今回のM&Aにあたっては、古くからの創業者、OBからは反対意見が多かったのですが、機関株主からは、企業の成長が見込めることから前向き意見も出ている状況でした。さらに、増資・企業買収に伴い配当金が1株当たりの180円に増額するという会社側の説明を受け大多数の賛成を獲得。見事に資金調達を成功させました。

今後の日本経済発展のカギは外資とのM&Aになるのか?!

こうした海外企業の買収は、取り上げた武田薬品だけではなく、業種を問わず盛んに行われるようになっています。この背景には、日本国内間の企業だけの連携では大きな成長が見込めないことが一因です。
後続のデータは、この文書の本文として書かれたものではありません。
lemma subdiff_image_cbox_subset:
  fixes u :: "real^'n::finite \<Rightarrow> real" and m t :: "real^'n"
  assumes t_pos: "\<And>i. 0 < t $ i"
    and box: "cbox (m - 2 *\<^sub>R t) (m + 2 *\<^sub>R t) \<subseteq> \<Omega>"
    and bounds: "\<And>p. p \<in> cbox (m - 2 *\<^sub>R t) (m + 2 *\<^sub>R t) \<Longrightarrow> 0 \<le> u p \<and> u p \<le> h"
  shows "subdiff_image \<Omega> u (cbox (m - t) (m + t))
    \<subseteq> cbox (- (\<chi> i. h / t $ i)) (\<chi> i. h / t $ i)"
proof
  fix v assume "v \<in> subdiff_image \<Omega> u (cbox (m - t) (m + t))"
  then obtain p where p_small: "p \<in> cbox (m - t) (m + t)"
    and subgrad: "\<forall>q\<in>\<Omega>. u p + v \<bullet> (q - p) \<le> u q"
    by (auto simp: subdiff_image_def)
  then have p: "\<forall>i. \<bar>p $ i - m $ i\<bar> \<le> t $ i" by (simp add: mem_cbox_centered_cart)
  have p_big: "p \<in> cbox (m - 2 *\<^sub>R t) (m + 2 *\<^sub>R t)"
    using p_small t_pos cbox_centered_subset_double_cart[of t m] by (auto simp: less_imp_le)
  have step: "\<sigma> * v $ i \<le> h" if "\<bar>\<sigma>\<bar> \<le> t $ i" for \<sigma> i
  proof -
    define p' where "p' = p + \<sigma> *\<^sub>R axis i 1"
    have "\<bar>p' $ j - m $ j\<bar> \<le> (2 *\<^sub>R t) $ j" for j
      using p[rule_format, of j] that t_pos[of j] by (auto simp: p'_def axis_def)
    then have "p' \<in> cbox (m - 2 *\<^sub>R t) (m + 2 *\<^sub>R t)" by (simp add: mem_cbox_centered_cart)
    then have "u p + \<sigma> * v $ i \<le> h"
      using subgrad box bounds[of p'] by (force simp: p'_def inner_axis)
    with bounds[OF p_big] show ?thesis by linarith
  qed
  show "v \<in> cbox (- (\<chi> i. h / t $ i)) (\<chi> i. h / t $ i)"
  proof (unfold mem_box_cart, intro allI conjI)
    fix i
    show "v $ i \<le> (\<chi> i. h / t $ i) $ i"
      using step[of "t $ i" i] t_pos[of i] by (simp add: field_simps)
    show "(- (\<chi> i. h / t $ i)) $ i \<le> v $ i"
      using step[of "- t $ i" i] t_pos[of i] by (simp add: field_simps)
  qed
qed

lemma MA_ge_one_cbox_bound:
  fixes u :: "real^'n::finite \<Rightarrow> real" and m t :: "real^'n"
  assumes MA: "MA_ge_one \<Omega> u"
    and t_pos: "\<And>i. 0 < t $ i"
    and box: "cbox (m - 2 *\<^sub>R t) (m + 2 *\<^sub>R t) \<subseteq> \<Omega>"
    and bounds: "\<And>p. p \<in> cbox (m - 2 *\<^sub>R t) (m + 2 *\<^sub>R t) \<Longrightarrow> 0 \<le> u p \<and> u p \<le> h"
  shows "(\<Prod>i\<in>UNIV. t $ i)^2 \<le> h ^ CARD('n)"
proof -
  define E where "E = cbox (m - t) (m + t)"
  define w where "w = (\<chi> i. h / t $ i)"
  define T where "T = (\<Prod>i\<in>UNIV. t $ i)"
  have T_pos: "0 < T" using t_pos by (simp add: T_def prod_pos)
  have "m \<in> cbox (m - 2 *\<^sub>R t) (m + 2 *\<^sub>R t)"
    using t_pos by (simp add: mem_cbox_centered_cart less_imp_le)
  then have h: "0 \<le> h" using bounds by force
  have "E \<subseteq> cbox (m - 2 *\<^sub>R t) (m + 2 *\<^sub>R t)"
    unfolding E_def using t_pos by (intro cbox_centered_subset_double_cart less_imp_le)
  then have "E \<subseteq> \<Omega>" "E \<in> sets borel" using box by (auto simp: E_def)
  with MA have "emeasure lebesgue E \<le> emeasure lebesgue (subdiff_image \<Omega> u E)"
    unfolding MA_ge_one_def by blast
  also have "\<dots> \<le> emeasure lebesgue (cbox (- w) w)"
    using subdiff_image_cbox_subset[OF t_pos box bounds] by (intro emeasure_mono) (auto simp: E_def w_def)
  finally have "ennreal (\<Prod>i\<in>UNIV. 2 * t $ i) \<le> ennreal (\<Prod>i\<in>UNIV. 2 * (h / t $ i))"
    using t_pos h unfolding E_def w_def
    by (subst (asm) (1 2) emeasure_lebesgue_cbox_cart) (auto simp: less_imp_le)
  then have "(\<Prod>i\<in>UNIV. 2 * t $ i) \<le> (\<Prod>i\<in>UNIV. 2 * (h / t $ i))"
    using t_pos h by (subst (asm) ennreal_le_iff) (auto intro!: prod_nonneg divide_nonneg_pos)
  then have "2 ^ CARD('n) * T \<le> 2 ^ CARD('n) * (h ^ CARD('n) / T)"
    by (simp add: T_def prod.distrib prod_dividef)
  then have "T \<le> h ^ CARD('n) / T" by (subst (asm) mult_le_cancel_left_pos) simp_all
  with T_pos show ?thesis by (simp add: T_def power2_eq_square field_simps)
qed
特に日本の製薬業界は、難解な薬事制度を理由に、なかなか外資系製薬会社開発の治療薬の導入が進んでいませんでしたので、グローバル化が早急に必要だった業界でもあります。昨今では、日本でも海外データの活用が進み、政府が国際共同治験の推進を掲げるなど、規制環境の大幅な改善が見られるようになりました。この潮流を踏まえても、今回のM&Aは大きな一歩といえるでしょう。

世界でも屈指の事業規模を目指す大企業にとって、大規模な企業買収は投資資金こそ必要ですが、大きなリターンも見込める外国企業も視野に捉えるべき時代となりました。今後、M&Aのビジネススキームは、企業の大小にかかわらずすべての経営者が考えておくべき選択肢のひとつとなっていくでしょう。